Anglicans in Canada went into the General Synod, a triennial gathering, with the resolve not to debate or vote on a resolution that bans or allows same-sex blessings. The 2010 synod was, rather, designed to encourage and continue dialogue on the controversial matter of homosexuality.

"I think the Holy Spirit has called this church out of a time when we tried to resolve so many contentious issues through resolution, heated debate, fierce confrontation, even on the floor of synod, [with] subsequent hurt and anger and frustration and discouragement," Hiltz stated during the closing session of the synod. "People should never walk away from a synod feeling that way.

The church has entered into "a new space" where they can have "robust conversations," he noted. "We try to speak the truth in love. We try to listen respectfully. And together we try to discern the Spirit's lead."

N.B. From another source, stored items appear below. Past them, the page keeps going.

lemma tsum_attained:
  assumes "finite I" "I \<noteq> {}"
  obtains i where "i \<in> I" "tsum S f I = f i"
proof -
  have "\<exists>i\<in>set xs. foldr (\<lambda>i acc. tadd S (f i) acc) xs (tzero S) = f i" if "xs \<noteq> []" for xs
    using that
  proof (induction xs)
    case (Cons a xs)
    show ?case
    proof (cases "xs = []")
      case False
      then obtain i where "i \<in> set xs" "foldr (\<lambda>i acc. tadd S (f i) acc) xs (tzero S) = f i"
        using Cons.IH by blast
      then show ?thesis
        using tadd_selective[of "f a" "f i"] by auto
    qed simp
  qed simp
  from this[of "sorted_list_of_set I"] show ?thesis
    using assms that by (auto simp: tsum_def)
qed

lemma tsum_cong: "(\<And>i. i \<in> I \<Longrightarrow> f i = g i) \<Longrightarrow> tsum S f I = tsum S g I"
  by (cases "finite I") (auto simp: tsum_def intro!: foldr_cong)

lemma tsum_neq_tzero: "finite I \<Longrightarrow> i \<in> I \<Longrightarrow> f i \<noteq> tzero S \<Longrightarrow> tsum S f I \<noteq> tzero S"
  by (metis tle_tsum tzero_tle tle_antisym)

lemma tmin_range_tle:
  assumes "j \<in> {1..N}"
  shows "tle S (tmin_range S f N) (f j)"
proof -
  define js where "js = [2..<N+1]"
  have "tle S c (foldr (\<lambda>j acc. tmin S (f j) acc) js' a) \<longleftrightarrow> tle S c a \<and> (\<forall>j\<in>set js'. tle S c (f j))"
    for c a js' by (induction js') (auto simp: tle_tmin_iff)
  then have "tle S (tmin_range S f N) (f 1) \<and> (\<forall>j\<in>set js. tle S (tmin_range S f N) (f j))"
    using tle_refl unfolding tmin_range_def js_def[symmetric] by blast
  moreover have "set js = {2..N}"
    unfolding js_def by auto
  ultimately show ?thesis
    using assms by (cases "j = 1") auto
qed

The General Synod came as The Episcopal Church in the United States was disciplined for ordaining its second openly homosexual bishop last month. The Rev. Canon Kenneth Kearon, secretary general of the Anglican Communion, recently informed the U.S. body that it was suspended from participating in ecumenical dialogues and stripped of decision-making powers on the Inter-Anglican Standing Commission on Unity, Faith and Order – a body that examines issues of doctrine and authority.

Kearon indicated in an announcement last week that the Anglican Communion was also keeping an eye on the Canadian body and its actions regarding same-sex blessings.